**THE PROBLEM**: Restate word for word the entries below, starting with the line with "some of its decisions.\<close>" and continuing through the line with "(fst S)\<lparr> Kind". Include both of those lines and no others.

**TASK MATERIAL**:
· · · ·

(* Let $i$ be an agent and let $P_i^S$ be a probability distribution over depth-0 subjective MAIDs for agent $i$, each of which is a perfect recall game. Let $\mathbf{S}_i(S)=\{S':P_i^S(S')>0\}$ and let $\mathbf{D}_{P_i^S}$ be the set of all decision variables of agent $i$ in the MAIDs $\mathcal{M}^{S'}$, $S'\in\mathbf{S}_i(S)$. If $\mathbf{D}_{P_i^S}$ is finite, then there exists $D\in\mathbf{D}_{P_i^S}$ such that every information set $I\in\mathrm{dom}(\mathbf{pa}(D))\times\{\mathrm{dom}(D)\}$ (belonging to $\mathbf{I}_{P_i^S}$) is a final information set.
   Context: A MAID $(\mathcal{G},\boldsymbol\theta)$ has a DAG on variables partitioned into chance, decision (each belonging to an agent) and utility variables, with conditional distributions $\boldsymbol\theta$ for non-decision variables; $\mathbf{pa}(D)$ / $\mathbf{Pa}_D$ denotes the parents of $D$. An agent has perfect recall if there is a total order $D_1\prec\dots\prec D_m$ of its decisions with $\mathbf{Pa}_{D_j}\cup\{D_j\}\subseteq\mathbf{Pa}_{D_k}$ for $j<k$. A partial-post-policy MAID is $(\mathcal{G},\boldsymbol\theta,\xi)$ with $\xi$ a set of conditional distributions $\pi_D(D\mid\mathbf{Pa}_D)$ for some decisions $D$. A depth-0 subjective MAID for agent $i$ is a partial-post-policy MAID in which $\xi$ assigns a policy to every decision variable of every agent other than $i$. For a subjective MAID $S'$ with MAID $\mathcal{M}^{S'}$, $\mathbf{I}_{S',i}$ is the set of pairs $(\mathbf{pa}_{D},\mathrm{dom}(D))$ over decisions $D$ of agent $i$ in $\mathcal{M}^{S'}$ and settings $\mathbf{pa}_D$ of its parents with positive probability under some policy. An information set $I=(\mathbf{p},\mathbf{d})$ is encounterable by agent $i$ in $S'$ if $\mathcal{M}^{S'}$ has a decision $D_i$ of $i$ with $\mathbf{p}\in\mathrm{dom}(\mathbf{pa}_{D_i})$ and $\mathbf{d}=\mathrm{dom}(D_i)$. Let $\mathbf{I}_{P_i^S}=\bigcup_{S'\in\mathbf{S}_i(S)}\mathbf{I}_{S',i}$. An information set $I\in\mathbf{I}_{P_i^S}$ is final if there is no $S'\in\mathbf{S}_i(S)$ in which $I$ is encounterable at a decision $D_i$ of $i$ for which some other decision $D'_i$ of $i$ in $\mathcal{M}^{S'}$ has $D_i\in\mathbf{pa}(D'_i)$. *)

theory Defs
  imports "HOL-Probability.Probability_Mass_Function"
begin

text \<open>Variables are drawn from a common universe 'v (so that the same decision
variable can be identified across different subjective MAIDs), values from 'a,
agents from 'ag.\<close>

datatype 'ag vkind = Chance | Decision 'ag | Utility

type_synonym ('v, 'a) setting = "'v \<Rightarrow> 'a option"

type_synonym ('v, 'a) cpd = "('v, 'a) setting \<Rightarrow> 'a \<Rightarrow> real"

record ('v, 'a, 'ag) maid =
  Vars  :: "'v set"
  Pa    :: "'v \<Rightarrow> 'v set"
  Kind  :: "'v \<Rightarrow> 'ag vkind"
  Dom   :: "'v \<Rightarrow> 'a set"
  Theta :: "'v \<Rightarrow> ('v, 'a) cpd"

definition settings :: "('v, 'a, 'ag) maid \<Rightarrow> 'v set \<Rightarrow> ('v, 'a) setting set" where
  "settings M A = {p. dom p = A \<and> (\<forall>v\<in>A. the (p v) \<in> Dom M v)}"

definition is_decision :: "('v, 'a, 'ag) maid \<Rightarrow> 'v \<Rightarrow> bool" where
  "is_decision M v \<longleftrightarrow> (\<exists>j. Kind M v = Decision j)"

definition decisions_of :: "('v, 'a, 'ag) maid \<Rightarrow> 'ag \<Rightarrow> 'v set" where
  "decisions_of M i = {v \<in> Vars M. Kind M v = Decision i}"

definition is_cpd :: "('v, 'a, 'ag) maid \<Rightarrow> 'v \<Rightarrow> ('v, 'a) cpd \<Rightarrow> bool" where
  "is_cpd M v f \<longleftrightarrow> (\<forall>p\<in>settings M (Pa M v).
       (\<forall>x\<in>Dom M v. f p x \<ge> 0) \<and> (\<Sum>x\<in>Dom M v. f p x) = 1)"

definition wf_maid :: "('v, 'a, 'ag) maid \<Rightarrow> bool" where
  "wf_maid M \<longleftrightarrow>
     finite (Vars M) \<and>
     (\<forall>v\<in>Vars M. Pa M v \<subseteq> Vars M \<and> finite (Dom M v) \<and> Dom M v \<noteq> {}) \<and>
     acyclic {(u, v). v \<in> Vars M \<and> u \<in> Pa M v} \<and>
     (\<forall>v\<in>Vars M. \<forall>u\<in>Pa M v. Kind M u \<noteq> Utility) \<and>
     (\<forall>v\<in>Vars M. \<not> is_decision M v \<longrightarrow> is_cpd M v (Theta M v))"

definition perfect_recall :: "('v, 'a, 'ag) maid \<Rightarrow> 'ag \<Rightarrow> bool" where
  "perfect_recall M j \<longleftrightarrow> (\<exists>ds. distinct ds \<and> set ds = decisions_of M j \<and>
     (\<forall>k l. k < l \<and> l < length ds \<longrightarrow> Pa M (ds ! k) \<union> {ds ! k} \<subseteq> Pa M (ds ! l)))"

definition perfect_recall_game :: "('v, 'a, 'ag) maid \<Rightarrow> bool" where
  "perfect_recall_game M \<longleftrightarrow> (\<forall>j. perfect_recall M j)"

text \<open>A partial-post-policy MAID (G, theta, xi): a MAID together with policies for
  some of its decisions.\<close>
type_synonym ('v, 'a, 'ag) ppmaid = "('v, 'a, 'ag) maid \<times> ('v \<Rightarrow> ('v, 'a) cpd option)"

definition wf_ppmaid :: "('v, 'a, 'ag) ppmaid \<Rightarrow> bool" where
  "wf_ppmaid S \<longleftrightarrow> wf_maid (fst S) \<and>
     (\<forall>D f. snd S D = Some f \<longrightarrow> D \<in> Vars (fst S) \<and> is_decision (fst S) D \<and> is_cpd (fst S) D f)"

definition depth0_subjective :: "'ag \<Rightarrow> ('v, 'a, 'ag) ppmaid \<Rightarrow> bool" where
  "depth0_subjective i S \<longleftrightarrow> wf_ppmaid S \<and>
     (\<forall>D\<in>Vars (fst S). \<forall>j. Kind (fst S) D = Decision j \<and> j \<noteq> i \<longrightarrow> snd S D \<noteq> None)"

definition maid_of :: "('v, 'a, 'ag) ppmaid \<Rightarrow> ('v, 'a, 'ag) maid" where
  "maid_of S = (fst S)\<lparr> Kind := (\<lambda>v. if snd S v \<noteq> None then Chance else Kind (fst S) v),
                         Theta := (\<lambda>v. case snd S v of None \<Rightarrow> Theta (fst S) v | Some f \<Rightarrow> f) \<rparr>"

definition valid_policy :: "('v, 'a, 'ag) maid \<Rightarrow> ('v \<Rightarrow> ('v, 'a) cpd) \<Rightarrow> bool" where
  "valid_policy M \<sigma> \<longleftrightarrow> (\<forall>D\<in>Vars M. is_decision M D \<longrightarrow> is_cpd M D (\<sigma> D))"

definition joint_prob :: "('v, 'a, 'ag) maid \<Rightarrow> ('v \<Rightarrow> ('v, 'a) cpd) \<Rightarrow> ('v, 'a) setting \<Rightarrow> real" where
  "joint_prob M \<sigma> x = (\<Prod>v\<in>Vars M.
      (if is_decision M v then \<sigma> v else Theta M v) (x |` Pa M v) (the (x v)))"

definition prob_pa :: "('v, 'a, 'ag) maid \<Rightarrow> ('v \<Rightarrow> ('v, 'a) cpd) \<Rightarrow> 'v \<Rightarrow> ('v, 'a) setting \<Rightarrow> real" where
  "prob_pa M \<sigma> D p = (\<Sum>x\<in>{x \<in> settings M (Vars M). x |` Pa M D = p}. joint_prob M \<sigma> x)"

type_synonym ('v, 'a) infoset = "('v, 'a) setting \<times> 'a set"

definition infosets_subj :: "('v, 'a, 'ag) ppmaid \<Rightarrow> 'ag \<Rightarrow> ('v, 'a) infoset set" where
  "infosets_subj S i = {(p, Dom (maid_of S) D) | p D.
      D \<in> decisions_of (maid_of S) i \<and> p \<in> settings (maid_of S) (Pa (maid_of S) D) \<and>
      (\<exists>\<sigma>. valid_policy (maid_of S) \<sigma> \<and> prob_pa (maid_of S) \<sigma> D p > 0)}"

definition encounterable_at :: "'ag \<Rightarrow> ('v, 'a, 'ag) ppmaid \<Rightarrow> ('v, 'a) infoset \<Rightarrow> 'v \<Rightarrow> bool" where
  "encounterable_at i S I D \<longleftrightarrow> D \<in> decisions_of (maid_of S) i \<and>
      fst I \<in> settings (maid_of S) (Pa (maid_of S) D) \<and> snd I = Dom (maid_of S) D"

definition encounterable :: "'ag \<Rightarrow> ('v, 'a, 'ag) ppmaid \<Rightarrow> ('v, 'a) infoset \<Rightarrow> bool" where
  "encounterable i S I \<longleftrightarrow> (\<exists>D. encounterable_at i S I D)"

text \<open>I_{P_i^S}: union over the support S_i(S) = set_pmf P.\<close>
definition infosets_P :: "('v, 'a, 'ag) ppmaid pmf \<Rightarrow> 'ag \<Rightarrow> ('v, 'a) infoset set" where
  "infosets_P P i = (\<Union>S\<in>set_pmf P. infosets_subj S i)"

definition decisions_P :: "('v, 'a, 'ag) ppmaid pmf \<Rightarrow> 'ag \<Rightarrow> 'v set" where
  "decisions_P P i = (\<Union>S\<in>set_pmf P. decisions_of (maid_of S) i)"

definition final_infoset :: "('v, 'a, 'ag) ppmaid pmf \<Rightarrow> 'ag \<Rightarrow> ('v, 'a) infoset \<Rightarrow> bool" where
  "final_infoset P i I \<longleftrightarrow> I \<in> infosets_P P i \<and>
     \<not> (\<exists>S\<in>set_pmf P. \<exists>D. encounterable_at i S I D \<and>
           (\<exists>D'\<in>decisions_of (maid_of S) i. D' \<noteq> D \<and> D \<in> Pa (maid_of S) D'))"

end

theory Submission
  imports Defs
begin

text \<open>Rank each decision D of agent i in a subjective MAID by the number of its
parents that are decisions of i somewhere in the support. Under perfect recall a
decision that is a parent of another decision of i has strictly smaller rank, since
the later decision observes all its parents and the decision itself. As there are
finitely many such decisions, the rank is bounded and attains a maximum; at a
maximising D, any information set encountered with the parents of D cannot belong
to a decision that feeds into a later one, so it is final.\<close>

lemma wf_maid_parent_asym:
  assumes "wf_maid M" and "a \<in> Vars M" and "b \<in> Vars M" and "a \<in> Pa M b"
  shows "b \<notin> Pa M a"
proof
  let ?R = "{(u, v). v \<in> Vars M \<and> u \<in> Pa M v}"
  assume "b \<in> Pa M a"
  with assms have "(a, b) \<in> ?R" "(b, a) \<in> ?R" by auto
  then have "(a, a) \<in> ?R\<^sup>+" by (rule trancl_into_trancl[OF r_into_trancl])
  moreover have "acyclic ?R" using assms(1) unfolding wf_maid_def by blast
  ultimately show False unfolding acyclic_def by blast
qed

lemma perfect_recall_comparable:
  assumes "perfect_recall M i"
    and "a \<in> decisions_of M i" and "b \<in> decisions_of M i" and "a \<noteq> b"
  shows "Pa M a \<union> {a} \<subseteq> Pa M b \<or> Pa M b \<union> {b} \<subseteq> Pa M a"
proof -
  obtain ds where ds: "set ds = decisions_of M i"
    "\<forall>k l. k < l \<and> l < length ds \<longrightarrow> Pa M (ds ! k) \<union> {ds ! k} \<subseteq> Pa M (ds ! l)"
    using assms(1) unfolding perfect_recall_def by blast
  obtain k l where k: "k < length ds" "ds ! k = a" and l: "l < length ds" "ds ! l = b"
    using assms(2,3) ds(1) by (metis in_set_conv_nth)
  with assms(4) have "k \<noteq> l" by auto
  then have "k < l \<or> l < k" by arith
  with ds(2) k l show ?thesis by blast
qed

lemma perfect_recall_parent_psubset:
  assumes "wf_maid M" and "perfect_recall M i"
    and "a \<in> decisions_of M i" and "b \<in> decisions_of M i" and "a \<noteq> b"
    and "a \<in> Pa M b" and "a \<in> X"
  shows "Pa M a \<inter> X \<subset> Pa M b \<inter> X"
proof -
  have vars: "a \<in> Vars M" "b \<in> Vars M"
    using assms(3,4) unfolding decisions_of_def by auto
  have "b \<notin> Pa M a" "a \<notin> Pa M a"
    using wf_maid_parent_asym[OF assms(1) vars] wf_maid_parent_asym[OF assms(1) vars(1,1)] assms(6)
    by auto
  then have "Pa M a \<union> {a} \<subseteq> Pa M b"
    using perfect_recall_comparable[OF assms(2-5)] by blast
  with \<open>a \<notin> Pa M a\<close> assms(7) show ?thesis by blast
qed

lemma Pa_maid_of [simp]: "Pa (maid_of S) = Pa (fst S)"
  by (simp add: maid_of_def)

lemma decisions_of_maid_of_subset: "decisions_of (maid_of S) i \<subseteq> decisions_of (fst S) i"
  by (auto simp: maid_of_def decisions_of_def split: if_splits)

lemma settings_eq_imp_eq:
  "p \<in> settings M A \<Longrightarrow> p \<in> settings M' B \<Longrightarrow> A = B"
  by (simp add: settings_def)

definition recall_rank :: "('v, 'a, 'ag) ppmaid pmf \<Rightarrow> 'ag \<Rightarrow> ('v, 'a, 'ag) ppmaid \<Rightarrow> 'v \<Rightarrow> nat"
  where "recall_rank P i S D = card (Pa (fst S) D \<inter> decisions_P P i)"

lemma recall_rank_less:
  assumes "S \<in> set_pmf P" and "wf_maid (fst S)" and "perfect_recall (fst S) i"
    and "finite (decisions_P P i)"
    and "D \<in> decisions_of (maid_of S) i" and "D' \<in> decisions_of (maid_of S) i"
    and "D \<noteq> D'" and "D \<in> Pa (fst S) D'"
  shows "recall_rank P i S D < recall_rank P i S D'"
proof -
  have "D \<in> decisions_P P i" using assms(1,5) unfolding decisions_P_def by blast
  moreover have "D \<in> decisions_of (fst S) i" "D' \<in> decisions_of (fst S) i"
    using assms(5,6) decisions_of_maid_of_subset[of S i] by auto
  ultimately have "Pa (fst S) D \<inter> decisions_P P i \<subset> Pa (fst S) D' \<inter> decisions_P P i"
    using perfect_recall_parent_psubset[OF assms(2,3)] assms(7,8) by blast
  with assms(4) show ?thesis
    unfolding recall_rank_def by (simp add: psubset_card_mono)
qed

lemma final_infoset_of_max_recall_rank:
  assumes prg: "\<forall>S\<in>set_pmf P. depth0_subjective i S \<and> perfect_recall_game (fst S)"
    and fin: "finite (decisions_P P i)"
    and max: "\<forall>S'\<in>set_pmf P. \<forall>D'\<in>decisions_of (maid_of S') i.
                recall_rank P i S' D' \<le> recall_rank P i S D"
    and p: "p \<in> settings (maid_of S) (Pa (maid_of S) D)"
    and I: "(p, Dom (maid_of S) D) \<in> infosets_P P i"
  shows "final_infoset P i (p, Dom (maid_of S) D)"
  unfolding final_infoset_def
proof (intro conjI I notI)
  assume "\<exists>S2\<in>set_pmf P. \<exists>D2. encounterable_at i S2 (p, Dom (maid_of S) D) D2 \<and>
            (\<exists>D'\<in>decisions_of (maid_of S2) i. D' \<noteq> D2 \<and> D2 \<in> Pa (maid_of S2) D')"
  then obtain S2 D2 D' where S2: "S2 \<in> set_pmf P"
    and enc: "encounterable_at i S2 (p, Dom (maid_of S) D) D2"
    and D': "D' \<in> decisions_of (maid_of S2) i" "D' \<noteq> D2" "D2 \<in> Pa (fst S2) D'"
    by auto
  have D2: "D2 \<in> decisions_of (maid_of S2) i"
    and p2: "p \<in> settings (maid_of S2) (Pa (maid_of S2) D2)"
    using enc unfolding encounterable_at_def by auto
  have "recall_rank P i S D = recall_rank P i S2 D2"
    using settings_eq_imp_eq[OF p p2] by (simp add: recall_rank_def)
  also have "\<dots> < recall_rank P i S2 D'"
    using recall_rank_less[OF S2 _ _ fin D2 D'(1)] D' prg S2
    unfolding depth0_subjective_def wf_ppmaid_def perfect_recall_game_def by auto
  finally have "recall_rank P i S D < recall_rank P i S2 D'" .
  moreover have "recall_rank P i S2 D' \<le> recall_rank P i S D"
    using max S2 D'(1) by blast
  ultimately show False by simp
qed

theorem mainTheorem4:
  fixes P :: "('v, 'a, 'ag) ppmaid pmf" and i :: 'ag
  assumes "\<forall>S\<in>set_pmf P. depth0_subjective i S \<and> perfect_recall_game (fst S)"
    and "finite (decisions_P P i)"
    and "decisions_P P i \<noteq> {}"
  shows "\<exists>S\<in>set_pmf P. \<exists>D\<in>decisions_of (maid_of S) i.
           \<forall>p\<in>settings (maid_of S) (Pa (maid_of S) D).
             (p, Dom (maid_of S) D) \<in> infosets_P P i \<longrightarrow> final_infoset P i (p, Dom (maid_of S) D)"
proof -
  let ?A = "\<lambda>x. fst x \<in> set_pmf P \<and> snd x \<in> decisions_of (maid_of (fst x)) i"
  let ?rank = "\<lambda>x. recall_rank P i (fst x) (snd x)"
  obtain S0 D0 where "S0 \<in> set_pmf P" "D0 \<in> decisions_of (maid_of S0) i"
    using assms(3) unfolding decisions_P_def by blast
  then have "?A (S0, D0)" by simp
  moreover have "\<forall>x. ?A x \<longrightarrow> ?rank x < Suc (card (decisions_P P i))"
    using assms(2) by (auto simp: recall_rank_def le_imp_less_Suc card_mono)
  ultimately obtain x where x: "?A x" and max: "\<forall>y. ?A y \<longrightarrow> ?rank y \<le> ?rank x"
    using ex_has_greatest_nat[of ?A "(S0, D0)" ?rank] by blast
  have "\<forall>S'\<in>set_pmf P. \<forall>D'\<in>decisions_of (maid_of S') i. recall_rank P i S' D' \<le> ?rank x"
  proof (intro ballI)
    fix S' D' assume "S' \<in> set_pmf P" "D' \<in> decisions_of (maid_of S') i"
    then show "recall_rank P i S' D' \<le> ?rank x" using max[rule_format, of "(S', D')"] by simp
  qed
  with x show ?thesis
    using final_infoset_of_max_recall_rank[OF assms(1,2)] by blast
qed

end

· · · ·

**EXERCISE OUTPUT**:
  some of its decisions.\<close>
type_synonym ('v, 'a, 'ag) ppmaid = "('v, 'a, 'ag) maid \<times> ('v \<Rightarrow> ('v, 'a) cpd option)"

definition wf_ppmaid :: "('v, 'a, 'ag) ppmaid \<Rightarrow> bool" where
  "wf_ppmaid S \<longleftrightarrow> wf_maid (fst S) \<and>
     (\<forall>D f. snd S D = Some f \<longrightarrow> D \<in> Vars (fst S) \<and> is_decision (fst S) D \<and> is_cpd (fst S) D f)"

definition depth0_subjective :: "'ag \<Rightarrow> ('v, 'a, 'ag) ppmaid \<Rightarrow> bool" where
  "depth0_subjective i S \<longleftrightarrow> wf_ppmaid S \<and>
     (\<forall>D\<in>Vars (fst S). \<forall>j. Kind (fst S) D = Decision j \<and> j \<noteq> i \<longrightarrow> snd S D \<noteq> None)"

definition maid_of :: "('v, 'a, 'ag) ppmaid \<Rightarrow> ('v, 'a, 'ag) maid" where
  "maid_of S = (fst S)\<lparr> Kind := (\<lambda>v. if snd S v \<noteq> None then Chance else Kind (fst S) v),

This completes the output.